The benefits of creativity in ageing
From reducing stress to improving social lives, creative activity provides many benefits to older people. At Churches of Christ in Queensland, we believe greater emphasis should be placed on productive, successful and meaningful ageing, and art in its various forms can be the perfect conduit to achieving that.
We have explored how artistic endeavours have many benefits, including improving the health and livelihood of older Australians whilst supporting their essential needs- comfort, identity, occupation, inclusion and attachment - which are embedded in our Positive Wellbeing Model of Care. Some of the benefits include:
Creating art in any form can stimulate spiritual and emotional comfort; reducing stress and alleviating depression and anxiety.
Dancing can reduce stress through the release of endorphins. A study by the Albert Einstein College of Medicine has described the benefits of social dance in people living with dementia, “Dancing transforms the attitudes of seniors, both those with and without dementia. They go from focusing on pain, depression, and age-related issues to feeling happy in the present moment, and smiling. And what’s better than that?”

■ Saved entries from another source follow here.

(* Let $Q$ be a convex quadrilateral with vertices $0,1,z,w$ in counterclockwise order, and let $X\in(0,\infty)$. Then the equation $$-\frac{(1-u)(w-u)}{(0-u)(z-u)}=X$$ in the unknown $u\in\mathbb{C}$ has two solutions counted with multiplicity, and both lie in the interior of $Q$. *)

theory Defs
  imports "HOL-Analysis.Analysis" "HOL-Computational_Algebra.Polynomial"
begin

definition left_turn :: "complex \<Rightarrow> complex \<Rightarrow> complex \<Rightarrow> bool" where
  "left_turn a b c \<longleftrightarrow> Im (cnj (b - a) * (c - b)) > 0"

definition ccw_convex_quad :: "complex \<Rightarrow> complex \<Rightarrow> complex \<Rightarrow> complex \<Rightarrow> bool" where
  "ccw_convex_quad a b c d \<longleftrightarrow>
     left_turn a b c \<and> left_turn b c d \<and> left_turn c d a \<and> left_turn d a b"

end

(* With (a, b, c, d) = (0, 1, z, w) the equation reads (u - b)(u - d) + X (u - a)(u - c) = 0.
   Multiplying by cnj ((u - a)(u - d)) and taking imaginary parts shows that a root lies on the
   same side of the edge ab as of the opposite edge cd, and likewise for bc and da. The four
   edge orientations are affine in u, so they satisfy a linear relation, whose coefficients are
   positive for a convex quadrilateral; they also sum to twice its area. Hence all four are
   positive: the root lies strictly inside every edge. *)

theory Submission
  imports Defs "HOL-Computational_Algebra.Fundamental_Theorem_Algebra"
begin

definition orient :: "complex \<Rightarrow> complex \<Rightarrow> complex \<Rightarrow> real" where
  "orient a b c = Im (cnj (b - a) * (c - a))"

lemma left_turn_iff_orient: "left_turn a b c \<longleftrightarrow> 0 < orient a b c"
  unfolding left_turn_def orient_def by (simp add: algebra_simps)

lemma orient_rotate: "orient b c a = orient a b c"
  unfolding orient_def by (simp add: algebra_simps)

lemma orient_swap: "orient b a c = - orient a b c"
  unfolding orient_def by (simp add: algebra_simps)

lemma left_turn_distinct:
  assumes "left_turn a b c"
  shows "a \<noteq> b" "b \<noteq> c" "a \<noteq> c"
  using assms unfolding left_turn_iff_orient orient_def by (auto simp: algebra_simps)

lemma orient_barycentric:
  "orient a b c *\<^sub>R u = orient b c u *\<^sub>R a + orient c a u *\<^sub>R b + orient a b u *\<^sub>R c"
  unfolding orient_def by (simp add: complex_eq_iff algebra_simps)

lemma orient_triangle_sum: "orient b c u + orient c a u + orient a b u = orient a b c"
  unfolding orient_def by (simp add: algebra_simps)

lemma orient_quad_sum:
  "orient a b u + orient b c u + orient c d u + orient d a u = orient a b c + orient a c d"
  unfolding orient_def by (simp add: algebra_simps)

(* The edge orientations are affine in u, hence linearly dependent; the coefficients are
   found by evaluating at the four vertices. *)
lemma orient_quad_relation:
  "orient a c d * orient b c d * orient a b u + orient a b c * orient a b d * orient c d u
   = orient a c d * orient a b d * orient b c u + orient a b c * orient b c d * orient d a u"
  unfolding orient_def by (simp add: algebra_simps)

lemma mem_convex_hull_triangle:
  assumes "0 \<le> orient b c u" "0 \<le> orient c a u" "0 \<le> orient a b u" "0 < orient a b c"
  shows "u \<in> convex hull {a, b, c}"
proof -
  let ?k = "orient a b c"
  have "?k *\<^sub>R ((orient b c u / ?k) *\<^sub>R a + (orient c a u / ?k) *\<^sub>R b + (orient a b u / ?k) *\<^sub>R c)
      = orient b c u *\<^sub>R a + orient c a u *\<^sub>R b + orient a b u *\<^sub>R c"
    using assms(4) by (simp add: scaleR_add_right)
  also have "\<dots> = ?k *\<^sub>R u"
    by (rule orient_barycentric[symmetric])
  finally have "u = (orient b c u / ?k) *\<^sub>R a + (orient c a u / ?k) *\<^sub>R b + (orient a b u / ?k) *\<^sub>R c"
    using assms(4) by simp
  moreover have "orient b c u / ?k + orient c a u / ?k + orient a b u / ?k = 1"
    using assms(4) orient_triangle_sum[of b c u a] by (simp add: add_divide_distrib[symmetric])
  ultimately show ?thesis
    unfolding convex_hull_3 using assms by (blast intro: divide_nonneg_pos)
qed

lemma mem_convex_hull_quad:
  assumes "0 < orient a b u" "0 < orient b c u" "0 < orient c d u" "0 < orient d a u"
  shows "u \<in> convex hull {a, b, c, d}"
proof (cases "0 \<le> orient c a u")
  case True
  then have "0 < orient a b c"
    using assms orient_triangle_sum[of b c u a] by linarith
  with True assms have "u \<in> convex hull {a, b, c}"
    by (intro mem_convex_hull_triangle) auto
  then show ?thesis
    by (rule subsetD[OF hull_mono, rotated]) auto
next
  case False
  then have "0 \<le> orient a c u"
    using orient_swap[of c a u] by linarith
  then have "0 < orient a c d"
    using assms orient_triangle_sum[of c d u a] by linarith
  with \<open>0 \<le> orient a c u\<close> assms have "u \<in> convex hull {a, c, d}"
    by (intro mem_convex_hull_triangle) auto
  then show ?thesis
    by (rule subsetD[OF hull_mono, rotated]) auto
qed

lemma orient_pos_subset_interior_convex_hull:
  "{u. 0 < orient a b u \<and> 0 < orient b c u \<and> 0 < orient c d u \<and> 0 < orient d a u}
     \<subseteq> interior (convex hull {a, b, c, d})"
proof (rule interior_maximal)
  show "open {u. 0 < orient a b u \<and> 0 < orient b c u \<and> 0 < orient c d u \<and> 0 < orient d a u}"
    unfolding orient_def by (intro open_Collect_conj open_Collect_less continuous_intros)
qed (use mem_convex_hull_quad in blast)

lemma orient_quad_root:
  fixes a b c d u :: complex and X :: real
  assumes "(u - b) * (u - d) + X * (u - a) * (u - c) = 0"
  shows "orient a b u * (cmod (u - d))\<^sup>2 = X * orient c d u * (cmod (u - a))\<^sup>2"
proof -
  define P Q where "P = (u - b) * cnj (u - a)" and "Q = (u - c) * cnj (u - d)"
  have "of_real ((cmod (u - d))\<^sup>2) * P + of_real (X * (cmod (u - a))\<^sup>2) * Q
      = ((u - b) * (u - d) + X * (u - a) * (u - c)) * cnj (u - a) * cnj (u - d)"
    unfolding P_def Q_def complex_norm_square of_real_mult by (simp add: algebra_simps)
  also have "\<dots> = 0"
    using assms by simp
  finally have "Im (of_real ((cmod (u - d))\<^sup>2) * P + of_real (X * (cmod (u - a))\<^sup>2) * Q) = 0"
    by simp
  then have "(cmod (u - d))\<^sup>2 * Im P + X * (cmod (u - a))\<^sup>2 * Im Q = 0"
    by simp
  moreover have "Im P = orient a b u" "Im Q = - orient c d u"
    unfolding P_def Q_def orient_def by (simp_all add: algebra_simps)
  ultimately show ?thesis by (simp add: algebra_simps)
qed

lemma quad_root_opposite_edges:
  fixes a b c d u :: complex and X :: real
  assumes "(u - b) * (u - d) + X * (u - a) * (u - c) = 0" "0 < X" "u \<noteq> a" "u \<noteq> d"
  shows "sgn (orient a b u) = sgn (orient c d u)"
proof -
  have "sgn ((cmod (u - a))\<^sup>2) = 1" "sgn ((cmod (u - d))\<^sup>2) = 1" "sgn X = 1"
    using assms(2-4) by simp_all
  then show ?thesis
    using arg_cong[OF orient_quad_root[OF assms(1)], of sgn] by (simp add: sgn_mult)
qed

lemma quad_root_not_vertex:
  fixes a b c d u :: complex and X :: real
  assumes "ccw_convex_quad a b c d" "X \<noteq> 0" "(u - b) * (u - d) + X * (u - a) * (u - c) = 0"
  shows "u \<notin> {a, b, c, d}"
proof -
  have "a \<noteq> b" "a \<noteq> c" "a \<noteq> d" "b \<noteq> c" "b \<noteq> d" "c \<noteq> d"
    using assms(1) left_turn_distinct unfolding ccw_convex_quad_def by metis+
  with assms(2,3) show ?thesis
    by auto
qed

lemma pos_of_paired_signs:
  fixes y1 y2 y3 y4 k1 k2 k3 k4 :: real
  assumes "0 < k1" "0 < k2" "0 < k3" "0 < k4"
    and "k1 * y1 + k3 * y3 = k2 * y2 + k4 * y4"
    and "0 < y1 \<longleftrightarrow> 0 < y3" "0 < y2 \<longleftrightarrow> 0 < y4"
    and "0 < y1 + y2 + y3 + y4"
  shows "0 < y1 \<and> 0 < y2 \<and> 0 < y3 \<and> 0 < y4"
  \<comment> \<open>if y1 \<le> 0, the relation forces all four to be \<le> 0, contradicting the sum\<close>
  using assms by (smt (verit, best) mult_pos_pos zero_less_mult_pos)

lemma quad_root_in_interior:
  fixes a b c d u :: complex and X :: real
  assumes quad: "ccw_convex_quad a b c d" and "0 < X"
    and root: "(u - b) * (u - d) + X * (u - a) * (u - c) = 0"
  shows "u \<in> interior (convex hull {a, b, c, d})"
proof -
  have "u \<notin> {a, b, c, d}"
    using quad_root_not_vertex[OF quad _ root] \<open>0 < X\<close> by simp
  moreover have "(u - b) * (u - d) + X * (u - c) * (u - a) = 0"
    using root by (simp add: mult.commute mult.left_commute)
  ultimately have "sgn (orient a b u) = sgn (orient c d u)" "sgn (orient b c u) = sgn (orient d a u)"
    using quad_root_opposite_edges[OF root \<open>0 < X\<close>]
      quad_root_opposite_edges[of u b d X c a] \<open>0 < X\<close> orient_swap[of c b u] orient_swap[of d a u]
    by (auto simp: sgn_minus)
  then have "0 < orient a b u \<longleftrightarrow> 0 < orient c d u" "0 < orient b c u \<longleftrightarrow> 0 < orient d a u"
    by (metis sgn_greater)+
  moreover have "0 < orient a b c" "0 < orient b c d" "0 < orient a c d" "0 < orient a b d"
    using quad orient_rotate[of c d a] orient_rotate[of a b d]
    unfolding ccw_convex_quad_def left_turn_iff_orient by auto
  ultimately have "0 < orient a b u \<and> 0 < orient b c u \<and> 0 < orient c d u \<and> 0 < orient d a u"
    using pos_of_paired_signs[OF _ _ _ _ orient_quad_relation[of a c d b u]] orient_quad_sum[of a b u c d]
    by (simp add: mult_pos_pos)
  then show ?thesis
    using orient_pos_subset_interior_convex_hull by blast
qed

definition quad_pencil :: "complex \<Rightarrow> complex \<Rightarrow> complex \<Rightarrow> complex \<Rightarrow> real \<Rightarrow> complex poly" where
  "quad_pencil a b c d X = [:-b, 1:] * [:-d, 1:] + smult (of_real X) ([:-a, 1:] * [:-c, 1:])"

lemma poly_quad_pencil:
  "poly (quad_pencil a b c d X) u = (u - b) * (u - d) + X * (u - a) * (u - c)"
  unfolding quad_pencil_def by (simp add: algebra_simps)

lemma degree_quad_pencil:
  assumes "X \<noteq> -1"
  shows "degree (quad_pencil a b c d X) = 2"
proof -
  have "quad_pencil a b c d X = [:b * d + X * a * c, - b - d - X * (a + c), 1 + of_real X:]"
    unfolding quad_pencil_def by (simp add: algebra_simps)
  moreover have "1 + complex_of_real X \<noteq> 0"
    using assms by (simp add: complex_eq_iff)
  ultimately show ?thesis
    by simp
qed

lemma quotient_eq_iff_quad_pencil_root:
  assumes "ccw_convex_quad a b c d" "0 < X"
  shows "- ((b - u) * (d - u)) / ((a - u) * (c - u)) = of_real X
         \<longleftrightarrow> poly (quad_pencil a b c d X) u = 0"
proof (cases "u = a \<or> u = c")
  case True
  then show ?thesis
    using quad_root_not_vertex[OF assms(1), of X u] assms(2) by (auto simp: poly_quad_pencil)
next
  case False
  then have "(a - u) * (c - u) \<noteq> 0"
    by auto
  then have "- ((b - u) * (d - u)) / ((a - u) * (c - u)) = of_real X
      \<longleftrightarrow> - ((b - u) * (d - u)) = of_real X * ((a - u) * (c - u))"
    by (rule nonzero_divide_eq_eq)
  also have "\<dots> \<longleftrightarrow> poly (quad_pencil a b c d X) u = 0"
    unfolding poly_quad_pencil by (auto simp: algebra_simps)
  finally show ?thesis .
qed

lemma sum_order_roots_complex:
  fixes p :: "complex poly"
  assumes "p \<noteq> 0"
  shows "(\<Sum>u | poly p u = 0. order u p) = degree p"
proof -
  have "(\<Sum>u | poly p u = 0. order u p) = (\<Sum>u\<in>set_mset (proots p). count (proots p) u)"
    using assms by simp
  also have "\<dots> = degree p"
    by (simp add: size_multiset_overloaded_eq[symmetric] size_proots_complex)
  finally show ?thesis .
qed

theorem mainTheorem2:
  fixes z w :: complex and X :: real
  assumes "ccw_convex_quad 0 1 z w" and "X > 0"
  shows "let p = [:1, -1:] * [:w, -1:] + smult (complex_of_real X) ([:0, -1:] * [:z, -1:]);
             S = {u :: complex. - ((1 - u) * (w - u)) / ((0 - u) * (z - u)) = complex_of_real X}
         in (\<forall>u. u \<in> S \<longleftrightarrow> poly p u = 0) \<and> degree p = 2 \<and>
            (\<Sum>u\<in>S. order u p) = 2 \<and>
            S \<subseteq> interior (convex hull {0, 1, z, w})"
proof -
  have p: "[:1, -1:] * [:w, -1:] + smult (complex_of_real X) ([:0, -1:] * [:z, -1:])
      = quad_pencil 0 1 z w X"
    unfolding quad_pencil_def by (simp add: algebra_simps)
  define S where "S = {u :: complex. - ((1 - u) * (w - u)) / ((0 - u) * (z - u)) = complex_of_real X}"
  have S: "S = {u. poly (quad_pencil 0 1 z w X) u = 0}"
    unfolding S_def quotient_eq_iff_quad_pencil_root[OF assms] by (rule refl)
  have deg: "degree (quad_pencil 0 1 z w X) = 2"
    using assms(2) by (intro degree_quad_pencil) simp
  then have "quad_pencil 0 1 z w X \<noteq> 0"
    by auto
  then have "(\<Sum>u\<in>S. order u (quad_pencil 0 1 z w X)) = 2"
    unfolding S sum_order_roots_complex[OF \<open>quad_pencil 0 1 z w X \<noteq> 0\<close>] deg by simp
  moreover have "S \<subseteq> interior (convex hull {0, 1, z, w})"
    unfolding S poly_quad_pencil by (auto intro: quad_root_in_interior[OF assms])
  ultimately show ?thesis
    unfolding Let_def p S_def[symmetric] using deg S by blast
qed

end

Visual art can also promote relaxation, with many describing it as a spiritual experience. The expression of emotions and feelings through painting and sculpting is therapeutic for many older people whilst engaging in meaningful occupation.
Coordination and control
Working with various visual art materials and paying close attention to details, or learning a musical instrument assist in improving fine motor skills. Dancing can be good for coordination and control. The improvement of fine motor skills and the increased coordination and control can lead to better physical comfort.
Art classes can be especially beneficial to people living with Parkinson’s disease.
Identity through creativity
Using creativity in all sorts of art activities helps many older people find a way of expressing their own identity, and provides a real sense of purpose.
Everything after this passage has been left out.